Among the entries below, one stretch runs from the line that contains "using f_upper parts by (auto simp: inj_on_def" through the line that contains "using f_upper parts bij_betw_imp_inj_on[OF". Repeat that stretch exactly, ends included, and only that.
RECORDS SHOWN Start Marker
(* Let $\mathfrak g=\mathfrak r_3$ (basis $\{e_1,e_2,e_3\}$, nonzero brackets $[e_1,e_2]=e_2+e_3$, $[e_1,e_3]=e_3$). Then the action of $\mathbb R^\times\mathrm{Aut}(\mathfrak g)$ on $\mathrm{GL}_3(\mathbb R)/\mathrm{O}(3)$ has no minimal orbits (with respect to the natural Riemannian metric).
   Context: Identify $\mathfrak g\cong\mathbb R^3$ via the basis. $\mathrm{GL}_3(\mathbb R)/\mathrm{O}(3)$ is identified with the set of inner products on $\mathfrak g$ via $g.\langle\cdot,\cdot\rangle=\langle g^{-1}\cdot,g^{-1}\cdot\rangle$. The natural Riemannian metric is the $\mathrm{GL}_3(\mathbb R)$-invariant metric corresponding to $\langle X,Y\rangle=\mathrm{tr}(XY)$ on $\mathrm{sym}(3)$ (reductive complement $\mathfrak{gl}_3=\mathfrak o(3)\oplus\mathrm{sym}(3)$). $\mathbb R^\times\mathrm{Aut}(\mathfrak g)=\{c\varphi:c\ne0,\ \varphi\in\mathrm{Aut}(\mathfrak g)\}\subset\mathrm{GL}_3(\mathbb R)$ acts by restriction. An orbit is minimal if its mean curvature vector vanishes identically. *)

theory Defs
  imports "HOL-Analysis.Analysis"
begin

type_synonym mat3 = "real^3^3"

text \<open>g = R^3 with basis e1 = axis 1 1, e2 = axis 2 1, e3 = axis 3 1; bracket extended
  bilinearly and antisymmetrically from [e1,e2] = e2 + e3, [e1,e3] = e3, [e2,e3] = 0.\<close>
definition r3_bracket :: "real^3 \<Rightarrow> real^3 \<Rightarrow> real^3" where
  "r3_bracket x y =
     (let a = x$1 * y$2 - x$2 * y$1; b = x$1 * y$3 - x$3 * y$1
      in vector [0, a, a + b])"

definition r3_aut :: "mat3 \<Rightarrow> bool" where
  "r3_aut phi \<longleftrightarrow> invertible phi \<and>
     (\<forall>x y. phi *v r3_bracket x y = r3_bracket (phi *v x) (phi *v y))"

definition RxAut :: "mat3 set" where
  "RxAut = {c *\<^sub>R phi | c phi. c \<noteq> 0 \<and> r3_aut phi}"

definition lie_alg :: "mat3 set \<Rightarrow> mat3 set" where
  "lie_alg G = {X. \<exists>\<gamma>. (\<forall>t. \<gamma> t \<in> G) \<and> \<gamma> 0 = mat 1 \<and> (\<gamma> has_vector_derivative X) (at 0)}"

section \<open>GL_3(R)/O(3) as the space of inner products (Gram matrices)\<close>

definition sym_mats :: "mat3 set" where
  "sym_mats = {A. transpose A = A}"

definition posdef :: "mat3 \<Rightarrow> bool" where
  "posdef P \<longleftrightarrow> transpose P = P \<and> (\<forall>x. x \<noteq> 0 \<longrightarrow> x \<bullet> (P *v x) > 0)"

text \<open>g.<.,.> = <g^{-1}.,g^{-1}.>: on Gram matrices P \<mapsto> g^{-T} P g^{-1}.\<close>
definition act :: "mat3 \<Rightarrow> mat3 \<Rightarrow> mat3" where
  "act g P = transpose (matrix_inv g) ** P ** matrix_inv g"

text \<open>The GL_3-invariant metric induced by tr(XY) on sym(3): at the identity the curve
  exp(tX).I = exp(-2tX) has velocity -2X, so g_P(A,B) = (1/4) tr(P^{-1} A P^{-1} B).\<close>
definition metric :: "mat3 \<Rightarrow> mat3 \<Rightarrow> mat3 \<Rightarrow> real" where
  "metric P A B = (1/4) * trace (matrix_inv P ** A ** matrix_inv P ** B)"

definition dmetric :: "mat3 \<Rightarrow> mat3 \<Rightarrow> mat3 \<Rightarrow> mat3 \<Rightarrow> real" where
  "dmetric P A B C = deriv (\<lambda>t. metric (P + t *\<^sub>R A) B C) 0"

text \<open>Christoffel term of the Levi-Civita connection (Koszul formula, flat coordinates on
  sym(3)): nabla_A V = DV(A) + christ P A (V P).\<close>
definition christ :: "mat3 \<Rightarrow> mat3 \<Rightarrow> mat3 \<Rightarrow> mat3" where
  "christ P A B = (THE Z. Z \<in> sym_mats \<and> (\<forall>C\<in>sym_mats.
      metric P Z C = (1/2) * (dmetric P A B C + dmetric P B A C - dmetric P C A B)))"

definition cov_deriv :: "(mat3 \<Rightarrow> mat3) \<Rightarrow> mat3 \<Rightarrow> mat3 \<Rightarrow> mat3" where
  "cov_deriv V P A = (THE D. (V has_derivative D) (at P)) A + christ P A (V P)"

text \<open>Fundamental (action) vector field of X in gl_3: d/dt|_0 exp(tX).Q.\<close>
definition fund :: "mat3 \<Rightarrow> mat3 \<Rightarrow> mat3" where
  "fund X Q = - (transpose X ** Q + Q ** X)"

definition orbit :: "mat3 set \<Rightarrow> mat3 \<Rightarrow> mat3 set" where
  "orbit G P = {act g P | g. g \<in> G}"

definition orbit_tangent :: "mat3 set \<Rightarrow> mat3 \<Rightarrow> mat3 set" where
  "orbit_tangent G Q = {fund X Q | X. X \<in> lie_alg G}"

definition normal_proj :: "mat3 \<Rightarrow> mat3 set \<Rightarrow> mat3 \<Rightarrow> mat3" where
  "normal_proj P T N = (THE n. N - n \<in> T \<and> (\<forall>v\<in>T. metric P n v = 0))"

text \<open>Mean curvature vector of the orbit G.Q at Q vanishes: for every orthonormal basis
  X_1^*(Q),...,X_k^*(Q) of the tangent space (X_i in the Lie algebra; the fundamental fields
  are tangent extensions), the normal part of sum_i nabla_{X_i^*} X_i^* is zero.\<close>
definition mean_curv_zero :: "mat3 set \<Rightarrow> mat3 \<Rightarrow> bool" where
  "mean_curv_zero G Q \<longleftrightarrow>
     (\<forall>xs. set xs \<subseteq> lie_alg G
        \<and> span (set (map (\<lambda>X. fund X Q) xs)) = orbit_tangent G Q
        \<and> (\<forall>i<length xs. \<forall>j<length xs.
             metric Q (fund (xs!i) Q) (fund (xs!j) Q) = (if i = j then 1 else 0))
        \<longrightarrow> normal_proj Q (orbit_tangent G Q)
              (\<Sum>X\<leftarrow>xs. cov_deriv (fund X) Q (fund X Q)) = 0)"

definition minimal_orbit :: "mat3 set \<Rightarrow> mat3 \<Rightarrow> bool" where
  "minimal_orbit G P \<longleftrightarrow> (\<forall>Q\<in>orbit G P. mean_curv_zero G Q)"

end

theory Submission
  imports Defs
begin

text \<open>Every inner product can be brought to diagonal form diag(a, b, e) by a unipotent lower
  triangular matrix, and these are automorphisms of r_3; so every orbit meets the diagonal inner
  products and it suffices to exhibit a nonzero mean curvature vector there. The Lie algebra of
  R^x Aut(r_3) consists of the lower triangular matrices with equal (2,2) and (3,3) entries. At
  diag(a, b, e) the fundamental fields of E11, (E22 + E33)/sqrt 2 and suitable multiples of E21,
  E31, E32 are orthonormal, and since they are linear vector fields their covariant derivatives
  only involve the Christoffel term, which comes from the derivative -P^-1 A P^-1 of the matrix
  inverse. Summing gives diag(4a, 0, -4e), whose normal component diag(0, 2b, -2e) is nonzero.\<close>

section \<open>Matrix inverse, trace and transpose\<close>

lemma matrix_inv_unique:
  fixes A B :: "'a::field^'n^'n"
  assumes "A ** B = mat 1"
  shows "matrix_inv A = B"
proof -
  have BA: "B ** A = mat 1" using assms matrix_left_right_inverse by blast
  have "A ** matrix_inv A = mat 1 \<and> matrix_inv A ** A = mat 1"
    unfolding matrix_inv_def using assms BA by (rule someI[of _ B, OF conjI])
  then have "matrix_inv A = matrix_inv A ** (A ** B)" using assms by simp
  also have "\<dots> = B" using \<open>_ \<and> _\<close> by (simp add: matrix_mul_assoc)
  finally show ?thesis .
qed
RECORDS SHOWN End Marker
RECORDS SHOWN Start Marker
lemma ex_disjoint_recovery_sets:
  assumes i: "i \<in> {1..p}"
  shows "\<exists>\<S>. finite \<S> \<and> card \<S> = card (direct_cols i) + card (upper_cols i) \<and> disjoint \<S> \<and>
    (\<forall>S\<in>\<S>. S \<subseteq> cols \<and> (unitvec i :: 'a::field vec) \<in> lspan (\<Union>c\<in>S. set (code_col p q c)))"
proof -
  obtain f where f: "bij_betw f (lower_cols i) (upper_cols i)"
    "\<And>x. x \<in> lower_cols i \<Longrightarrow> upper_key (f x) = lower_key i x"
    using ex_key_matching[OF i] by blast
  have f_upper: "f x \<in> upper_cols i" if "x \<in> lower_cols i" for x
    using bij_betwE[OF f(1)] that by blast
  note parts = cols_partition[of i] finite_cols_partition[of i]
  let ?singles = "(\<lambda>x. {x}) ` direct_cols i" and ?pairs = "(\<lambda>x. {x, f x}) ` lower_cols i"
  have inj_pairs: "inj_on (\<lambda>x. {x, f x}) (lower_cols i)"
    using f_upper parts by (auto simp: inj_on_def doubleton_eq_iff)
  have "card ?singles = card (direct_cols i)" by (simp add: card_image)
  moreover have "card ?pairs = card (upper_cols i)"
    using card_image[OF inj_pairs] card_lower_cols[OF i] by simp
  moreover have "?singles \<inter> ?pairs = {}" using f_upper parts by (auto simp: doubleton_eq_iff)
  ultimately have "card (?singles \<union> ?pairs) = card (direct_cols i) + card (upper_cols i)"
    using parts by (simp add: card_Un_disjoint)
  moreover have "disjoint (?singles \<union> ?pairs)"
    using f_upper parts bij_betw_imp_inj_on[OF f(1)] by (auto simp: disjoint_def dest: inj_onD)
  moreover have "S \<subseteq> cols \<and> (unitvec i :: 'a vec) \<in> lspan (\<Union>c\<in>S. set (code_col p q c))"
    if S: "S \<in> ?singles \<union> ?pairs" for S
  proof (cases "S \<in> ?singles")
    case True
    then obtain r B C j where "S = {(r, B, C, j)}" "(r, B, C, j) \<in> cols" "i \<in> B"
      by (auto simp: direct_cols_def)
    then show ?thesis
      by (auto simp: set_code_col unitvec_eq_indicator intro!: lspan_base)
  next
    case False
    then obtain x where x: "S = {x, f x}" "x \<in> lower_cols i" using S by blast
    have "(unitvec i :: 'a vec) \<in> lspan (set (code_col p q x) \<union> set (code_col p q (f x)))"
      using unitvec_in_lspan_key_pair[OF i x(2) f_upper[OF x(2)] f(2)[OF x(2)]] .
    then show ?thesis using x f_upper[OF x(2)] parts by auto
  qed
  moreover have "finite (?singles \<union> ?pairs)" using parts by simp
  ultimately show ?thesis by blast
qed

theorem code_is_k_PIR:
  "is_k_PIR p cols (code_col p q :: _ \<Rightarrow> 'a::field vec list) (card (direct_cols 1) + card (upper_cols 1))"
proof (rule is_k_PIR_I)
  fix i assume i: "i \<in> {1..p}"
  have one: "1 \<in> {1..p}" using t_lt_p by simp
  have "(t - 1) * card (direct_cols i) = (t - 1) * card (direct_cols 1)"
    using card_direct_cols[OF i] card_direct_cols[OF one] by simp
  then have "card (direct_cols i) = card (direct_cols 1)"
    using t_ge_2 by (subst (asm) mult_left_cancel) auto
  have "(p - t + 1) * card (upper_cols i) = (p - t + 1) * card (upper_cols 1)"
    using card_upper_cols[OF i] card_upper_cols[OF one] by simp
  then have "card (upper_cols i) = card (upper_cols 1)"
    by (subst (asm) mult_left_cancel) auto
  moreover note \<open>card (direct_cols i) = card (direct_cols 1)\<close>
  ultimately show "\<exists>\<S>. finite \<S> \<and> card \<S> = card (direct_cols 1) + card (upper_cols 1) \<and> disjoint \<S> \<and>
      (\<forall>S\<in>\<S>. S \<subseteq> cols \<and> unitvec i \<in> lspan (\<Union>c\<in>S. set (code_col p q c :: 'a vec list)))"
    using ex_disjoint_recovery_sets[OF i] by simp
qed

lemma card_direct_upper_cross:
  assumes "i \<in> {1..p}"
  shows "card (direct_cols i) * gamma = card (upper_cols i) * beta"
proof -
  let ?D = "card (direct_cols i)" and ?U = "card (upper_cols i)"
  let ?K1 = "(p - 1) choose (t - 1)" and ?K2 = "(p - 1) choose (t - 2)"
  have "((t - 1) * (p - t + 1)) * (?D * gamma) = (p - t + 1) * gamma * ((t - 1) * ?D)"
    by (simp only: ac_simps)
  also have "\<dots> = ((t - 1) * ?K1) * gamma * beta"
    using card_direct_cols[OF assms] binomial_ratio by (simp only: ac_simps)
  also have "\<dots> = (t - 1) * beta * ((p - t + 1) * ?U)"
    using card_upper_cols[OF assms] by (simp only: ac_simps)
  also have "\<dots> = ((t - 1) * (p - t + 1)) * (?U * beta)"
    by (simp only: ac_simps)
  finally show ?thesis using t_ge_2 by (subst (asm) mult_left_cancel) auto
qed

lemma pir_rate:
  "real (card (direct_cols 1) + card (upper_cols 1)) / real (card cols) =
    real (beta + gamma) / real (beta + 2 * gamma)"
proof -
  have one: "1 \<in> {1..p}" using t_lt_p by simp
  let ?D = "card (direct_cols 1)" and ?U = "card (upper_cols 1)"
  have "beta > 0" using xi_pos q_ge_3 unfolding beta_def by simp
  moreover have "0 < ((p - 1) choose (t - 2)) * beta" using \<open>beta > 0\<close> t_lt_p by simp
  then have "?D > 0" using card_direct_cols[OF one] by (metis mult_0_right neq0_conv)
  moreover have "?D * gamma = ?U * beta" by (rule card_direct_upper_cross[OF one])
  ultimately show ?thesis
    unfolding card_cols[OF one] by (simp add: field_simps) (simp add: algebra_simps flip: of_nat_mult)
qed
RECORDS SHOWN End Marker
_RESULT OF THE TASK:_
    using f_upper parts by (auto simp: inj_on_def doubleton_eq_iff)
  have "card ?singles = card (direct_cols i)" by (simp add: card_image)
  moreover have "card ?pairs = card (upper_cols i)"
    using card_image[OF inj_pairs] card_lower_cols[OF i] by simp
  moreover have "?singles \<inter> ?pairs = {}" using f_upper parts by (auto simp: doubleton_eq_iff)
  ultimately have "card (?singles \<union> ?pairs) = card (direct_cols i) + card (upper_cols i)"
    using parts by (simp add: card_Un_disjoint)
  moreover have "disjoint (?singles \<union> ?pairs)"
    using f_upper parts bij_betw_imp_inj_on[OF f(1)] by (auto simp: disjoint_def dest: inj_onD)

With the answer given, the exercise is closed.